§ **WHAT YOU HAVE TO DO**:
Look through the listing below and write out exactly the lines from the line with "using True fin_U" to the line with "harm (card (users", both included, and no others.
(Beginning of DATASET RECORDS)
lemma total_cost_eq_sum_coalition_cost:
  "total_cost E F N w p = (\<Sum>e\<in>E. coalition_cost F w e (users N p e))"
  by (simp add: total_cost_def load_def users_def coalition_cost_def)

lemma card_users_le: "card (users N p e) \<le> N"
proof -
  have "card (users N p e) \<le> card {..<N}" by (intro card_mono) (auto simp: users_def)
  then show ?thesis by simp
qed

lemma shapley_share_eq_hm_potential_diff:
  assumes "F e 0 = 0" "i < N"
  shows "shapley_share F N w p i e =
         hm_potential (coalition_cost F w e) (users N p e) -
         hm_potential (coalition_cost F w e) (users N p e - {i})"
proof (cases "e \<in> p i")
  case True
  let ?c = "coalition_cost F w e" and ?U = "users N p e"
  have i_U: "i \<in> ?U" and fin_U: "finite ?U" using True assms(2) by (auto simp: users_def)
  have "F e (real (\<Sum>i'\<in>preceding xs i. w i' e) + real (w i e)) -
        F e (real (\<Sum>i'\<in>preceding xs i. w i' e)) =
        ?c (insert i (preceding xs i)) - ?c (preceding xs i)" for xs
    by (simp add: coalition_cost_def not_in_preceding add.commute)
  then have "shapley_share F N w p i e = shapley_value ?c ?U i"
    using True fin_U by (simp add: shapley_share_def shapley_value_def)
  then show ?thesis
    using shapley_value_eq_hm_potential_diff[of ?c, OF _ fin_U i_U] assms(1)
    by (simp add: coalition_cost_def)
next
  case False
  then have "users N p e - {i} = users N p e" by (auto simp: users_def)
  then show ?thesis using False by (simp add: shapley_share_def)
qed

lemma shapley_potential_minus_share_update:
  assumes "\<And>e. F e 0 = 0" "i < N"
  shows "shapley_potential E F N w (p(i := r)) - (\<Sum>e\<in>E. shapley_share F N w (p(i := r)) i e) =
         shapley_potential E F N w p - (\<Sum>e\<in>E. shapley_share F N w p i e)"
proof -
  have "users N (p(i := r)) e - {i} = users N p e - {i}" for e
    by (auto simp: users_def)
  then show ?thesis
    using assms
    by (simp add: shapley_potential_def shapley_share_eq_hm_potential_diff sum_subtractf[symmetric])
qed

lemma shapley_potential_le_harm_total_cost:
  assumes "GND_instance E N P w q \<alpha> \<sigma> \<xi>"
  shows "shapley_potential E (Fcost q \<alpha> \<sigma> \<xi>) N w p \<le> harm N * total_cost E (Fcost q \<alpha> \<sigma> \<xi>) N w p"
proof -
  let ?c = "coalition_cost (Fcost q \<alpha> \<sigma> \<xi>) w"
  have "hm_potential (?c e) (users N p e) \<le> harm N * ?c e (users N p e)" if e: "e \<in> E" for e
  proof -
    have F_e: "\<sigma> e \<ge> 0" "\<forall>j\<in>{1..q}. \<xi> e j \<ge> 0" "\<forall>j\<in>{1..q}. \<alpha> j \<ge> 0"
      using assms e by (auto simp: GND_instance_def less_imp_le[OF less_trans[OF zero_less_one]])
    have "?c e A \<le> ?c e B" if "A \<subseteq> B" "B \<subseteq> {..<N}" for A B
      unfolding coalition_cost_def
      using that finite_subset[OF that(2)]
      by (intro Fcost_mono[of \<sigma> e q \<xi> \<alpha>, OF F_e] of_nat_mono sum_mono2) (auto intro: sum_nonneg)
    then have "hm_potential (?c e) (users N p e) \<le> harm (card (users N p e)) * ?c e (users N p e)"
      by (intro hm_potential_le_harm[where U = "{..<N}"])
         (auto simp: coalition_cost_def Fcost_def users_def)
    also have "\<dots> \<le> harm N * ?c e (users N p e)"
      unfolding coalition_cost_def using Fcost_nonneg[of \<sigma> e q \<xi>, OF F_e(1,2)]
      by (intro mult_right_mono harm_mono card_users_le) auto
    finally show ?thesis .
  qed
  then show ?thesis
    unfolding shapley_potential_def total_cost_eq_sum_coalition_cost sum_distrib_left
    by (rule sum_mono)
qed

lemma total_cost_le_shapley_potential:
  assumes "GND_instance E N P w q \<alpha> \<sigma> \<xi>" "\<forall>j\<in>{1..q}. \<alpha> j \<le> d" "1 \<le> d"
  shows "total_cost E (Fcost q \<alpha> \<sigma> \<xi>) N w p \<le> d * shapley_potential E (Fcost q \<alpha> \<sigma> \<xi>) N w p"
proof -
  let ?c = "coalition_cost (Fcost q \<alpha> \<sigma> \<xi>) w"
  have "?c e (users N p e) \<le> d * hm_potential (?c e) (users N p e)" if e: "e \<in> E" for e
  proof (rule le_hm_potential[where U = "{..<N}"])
    show "(real (card A) - d) * ?c e A \<le> (\<Sum>j\<in>A. ?c e (A - {j}))" if "A \<subseteq> {..<N}" "finite A" for A
      unfolding coalition_cost_def using assms e that
      by (intro Fcost_leave_one_out) (auto simp: GND_instance_def)
  qed (use assms(3) in \<open>auto simp: coalition_cost_def Fcost_def users_def\<close>)
  then show ?thesis
    unfolding shapley_potential_def total_cost_eq_sum_coalition_cost sum_distrib_left
    by (rule sum_mono)
qed

lemma le_of_int_ceiling_Max:
  fixes f :: "'a \<Rightarrow> real"
  assumes "finite A" "x \<in> A"
  shows "f x \<le> of_int \<lceil>Max (f ` A)\<rceil>"
  using assms Max_ge[of "f ` A" "f x"] le_of_int_ceiling order_trans by blast

lemma approx_improvement_imp_improvement:
  fixes \<epsilon> c c' ct ct' :: real
  assumes "0 < \<epsilon>" "\<epsilon> < 1" "ct \<le> (1 + \<epsilon>) * c" "(1 - \<epsilon>) * c' \<le> ct'"
    and "ct - (1 + \<epsilon>) / (1 - \<epsilon>) * ct' > 0"
  shows "c' < c"
proof -
  have "(1 + \<epsilon>) * c' = (1 + \<epsilon>) / (1 - \<epsilon>) * ((1 - \<epsilon>) * c')"
    using assms(2) by simp
  also have "\<dots> \<le> (1 + \<epsilon>) / (1 - \<epsilon>) * ct'"
    using assms(1,2,4) by (intro mult_left_mono) auto
  finally have "(1 + \<epsilon>) * c' < (1 + \<epsilon>) * c"
    using assms(3,5) by linarith
  then show ?thesis using assms(1) by simp
qed

lemma shapley_potential_decreases_on_approx_improvement:
  fixes ft :: "'e \<Rightarrow> 'e profile \<Rightarrow> real"
  assumes "\<And>e. F e 0 = 0" "i < N" "0 < \<epsilon>" "\<epsilon> < 1"
    and approx: "\<And>p' e. p' \<in> {p, p(i := r)} \<Longrightarrow> e \<in> E \<Longrightarrow>
           (1 - \<epsilon>) * shapley_share F N w p' i e \<le> ft e p' \<and>
           ft e p' \<le> (1 + \<epsilon>) * shapley_share F N w p' i e"
    and improves: "(\<Sum>e\<in>E. ft e p) - (1 + \<epsilon>) / (1 - \<epsilon>) * (\<Sum>e\<in>E. ft e (p(i := r))) > 0"
  shows "shapley_potential E F N w (p(i := r)) \<le> shapley_potential E F N w p"
proof -
  have "(\<Sum>e\<in>E. shapley_share F N w (p(i := r)) i e) < (\<Sum>e\<in>E. shapley_share F N w p i e)"
  proof (rule approx_improvement_imp_improvement[OF assms(3,4) _ _ improves])
    show "(\<Sum>e\<in>E. ft e p) \<le> (1 + \<epsilon>) * (\<Sum>e\<in>E. shapley_share F N w p i e)"
      unfolding sum_distrib_left using approx by (intro sum_mono) blast
    show "(1 - \<epsilon>) * (\<Sum>e\<in>E. shapley_share F N w (p(i := r)) i e) \<le> (\<Sum>e\<in>E. ft e (p(i := r)))"
      unfolding sum_distrib_left using approx by (intro sum_mono) blast
  qed
  then show ?thesis
    using shapley_potential_minus_share_update[of F i N E w p r, OF assms(1,2)] by linarith
qed

lemma ABRD_run_step:
  assumes "ABRD_run_nonconv E N P F w \<rho> \<epsilon>1 Ct det T ps br" "t \<in> {1..T}"
  shows "ps t = ps (t - 1) \<or>
         (\<exists>i<N. br t i \<in> P i \<and> Ct i (ps (t - 1)) - \<epsilon>1 * Ct i ((ps (t - 1))(i := br t i)) > 0 \<and>
                ps t = (ps (t - 1))(i := br t i))"
proof -
  let ?\<delta> = "\<lambda>i. Ct i (ps (t - 1)) - \<epsilon>1 * Ct i ((ps (t - 1))(i := br t i))"
  have br: "\<forall>i<N. br t i \<in> P i"
    using assms unfolding ABRD_run_nonconv_def by blast
  have "if det then \<exists>j<N. ?\<delta> j > 0 \<and> ps t = (ps (t - 1))(j := br t j)
        else \<exists>i<N. ps t = (if ?\<delta> i > 0 then (ps (t - 1))(i := br t i) else ps (t - 1))"
    using assms unfolding ABRD_run_nonconv_def Let_def by (cases det) auto
  then show ?thesis
    using br by (cases det) (auto split: if_splits)
qed

lemma ABRD_run_is_profile:
  assumes run: "ABRD_run_nonconv E N P F w \<rho> \<epsilon>1 Ct det T ps br" and "t \<le> T"
  shows "is_profile N P (ps t)"
  using assms(2)
proof (induction t)
  case 0
  then show ?case using run by (simp add: ABRD_run_nonconv_def is_profile_def)
next
  case (Suc t)
  then have "is_profile N P (ps t)" by simp
  then show ?case
    using ABRD_run_step[OF run, of "Suc t"] Suc.prems by (auto simp: is_profile_def)
qed

lemma ABRD_run_potential_antimono:
  assumes run: "ABRD_run_nonconv E N P F w \<rho> \<epsilon>1 Ct det T ps br"
    and decreases: "\<And>p i r. is_profile N P p \<Longrightarrow> i < N \<Longrightarrow> r \<in> P i \<Longrightarrow>
                      Ct i p - \<epsilon>1 * Ct i (p(i := r)) > 0 \<Longrightarrow> \<Phi> (p(i := r)) \<le> \<Phi> p"
    and "s \<le> t" "t \<le> T"
  shows "\<Phi> (ps t) \<le> (\<Phi> (ps s) :: real)"
  using assms(3,4)
proof (induction t rule: dec_induct)
  case (step t)
  have "\<Phi> (ps (Suc t)) \<le> \<Phi> (ps t)"
    using ABRD_run_step[OF run, of "Suc t"] step.prems
      decreases[OF ABRD_run_is_profile[OF run, of t]] by fastforce
  then show ?case using step by simp
qed simp

theorem theorem9p4:
  fixes E :: "'e set" and N :: nat and P :: "nat \<Rightarrow> 'e set set" and w :: "nat \<Rightarrow> 'e \<Rightarrow> nat"
    and q :: nat and \<alpha> :: "nat \<Rightarrow> real" and \<sigma> :: "'e \<Rightarrow> real" and \<xi> :: "'e \<Rightarrow> nat \<Rightarrow> real"
    and \<rho> \<epsilon> :: real and ft :: "nat \<Rightarrow> 'e \<Rightarrow> 'e profile \<Rightarrow> real" and det :: bool
    and T tstar :: nat and ps :: "nat \<Rightarrow> 'e profile" and br :: "nat \<Rightarrow> nat \<Rightarrow> 'e set"
  defines "F \<equiv> Fcost q \<alpha> \<sigma> \<xi>"
  defines "C \<equiv> total_cost E F N w"
  defines "Ct \<equiv> (\<lambda>i p. \<Sum>e\<in>E. ft i e p)"
  assumes inst: "GND_instance E N P w q \<alpha> \<sigma> \<xi>"
    and rho: "\<rho> \<ge> 1"
    and eps: "0 < \<epsilon>" "\<epsilon> < 1"
    and ft_approx: "\<And>p i e. is_profile N P p \<Longrightarrow> i < N \<Longrightarrow> e \<in> E \<Longrightarrow>
         (1 - \<epsilon>) * shapley_share F N w p i e \<le> ft i e p \<and>
         ft i e p \<le> (1 + \<epsilon>) * shapley_share F N w p i e"
    and run: "ABRD_run_nonconv E N P F w \<rho> ((1 + \<epsilon>) / (1 - \<epsilon>)) Ct det T ps br"
    and tstar: "tstar \<le> T" "\<And>t. t \<le> T \<Longrightarrow> C (ps tstar) \<le> C (ps t)"
  shows "C (ps T) \<le> real_of_int \<lceil>Max (\<alpha> ` {1..q})\<rceil> * (\<Sum>k=1..N. 1 / real k) * C (ps tstar)"
proof -
  define d where "d = real_of_int \<lceil>Max (\<alpha> ` {1..q})\<rceil>"
  have q: "q \<ge> 1" "\<forall>j\<in>{1..q}. \<alpha> j > 1" using inst by (auto simp: GND_instance_def)
  have d_ge: "\<forall>j\<in>{1..q}. \<alpha> j \<le> d"
    unfolding d_def by (blast intro: le_of_int_ceiling_Max)
  then have "1 \<le> d" using q by force
  let ?\<Phi> = "shapley_potential E F N w"
  have "?\<Phi> (ps T) \<le> ?\<Phi> (ps tstar)"
  proof (rule ABRD_run_potential_antimono[OF run _ tstar(1) order_refl])
    fix p i r assume p: "is_profile N P p" and i: "i < N" and "r \<in> P i"
      and improves: "Ct i p - (1 + \<epsilon>) / (1 - \<epsilon>) * Ct i (p(i := r)) > 0"
    then have "is_profile N P (p(i := r))" by (simp add: is_profile_def)
    then show "?\<Phi> (p(i := r)) \<le> ?\<Phi> p"
      using eps improves i p ft_approx unfolding Ct_def
      by (intro shapley_potential_decreases_on_approx_improvement[where ft = "ft i"])
         (simp_all add: F_def Fcost_def, blast)
  qed
  have "C (ps T) \<le> d * ?\<Phi> (ps T)"
    unfolding C_def F_def using inst d_ge \<open>1 \<le> d\<close> by (rule total_cost_le_shapley_potential)
  also have "\<dots> \<le> d * ?\<Phi> (ps tstar)"
    using \<open>?\<Phi> (ps T) \<le> ?\<Phi> (ps tstar)\<close> \<open>1 \<le> d\<close> by simp
  also have "\<dots> \<le> d * (harm N * C (ps tstar))"
    unfolding C_def F_def using shapley_potential_le_harm_total_cost[OF inst] \<open>1 \<le> d\<close> by simp
  finally show ?thesis
    by (simp add: d_def harm_def inverse_eq_divide mult.assoc)
qed

end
(End of DATASET RECORDS)
§ **WRITTEN REPLY**:
    using True fin_U by (simp add: shapley_share_def shapley_value_def)
  then show ?thesis
    using shapley_value_eq_hm_potential_diff[of ?c, OF _ fin_U i_U] assms(1)
    by (simp add: coalition_cost_def)
next
  case False
  then have "users N p e - {i} = users N p e" by (auto simp: users_def)
  then show ?thesis using False by (simp add: shapley_share_def)
qed

lemma shapley_potential_minus_share_update:
  assumes "\<And>e. F e 0 = 0" "i < N"
  shows "shapley_potential E F N w (p(i := r)) - (\<Sum>e\<in>E. shapley_share F N w (p(i := r)) i e) =
         shapley_potential E F N w p - (\<Sum>e\<in>E. shapley_share F N w p i e)"
proof -
  have "users N (p(i := r)) e - {i} = users N p e - {i}" for e
    by (auto simp: users_def)
  then show ?thesis
    using assms
    by (simp add: shapley_potential_def shapley_share_eq_hm_potential_diff sum_subtractf[symmetric])
qed

lemma shapley_potential_le_harm_total_cost:
  assumes "GND_instance E N P w q \<alpha> \<sigma> \<xi>"
  shows "shapley_potential E (Fcost q \<alpha> \<sigma> \<xi>) N w p \<le> harm N * total_cost E (Fcost q \<alpha> \<sigma> \<xi>) N w p"
proof -
  let ?c = "coalition_cost (Fcost q \<alpha> \<sigma> \<xi>) w"
  have "hm_potential (?c e) (users N p e) \<le> harm N * ?c e (users N p e)" if e: "e \<in> E" for e
  proof -
    have F_e: "\<sigma> e \<ge> 0" "\<forall>j\<in>{1..q}. \<xi> e j \<ge> 0" "\<forall>j\<in>{1..q}. \<alpha> j \<ge> 0"
      using assms e by (auto simp: GND_instance_def less_imp_le[OF less_trans[OF zero_less_one]])
    have "?c e A \<le> ?c e B" if "A \<subseteq> B" "B \<subseteq> {..<N}" for A B
      unfolding coalition_cost_def
      using that finite_subset[OF that(2)]
      by (intro Fcost_mono[of \<sigma> e q \<xi> \<alpha>, OF F_e] of_nat_mono sum_mono2) (auto intro: sum_nonneg)
    then have "hm_potential (?c e) (users N p e) \<le> harm (card (users N p e)) * ?c e (users N p e)"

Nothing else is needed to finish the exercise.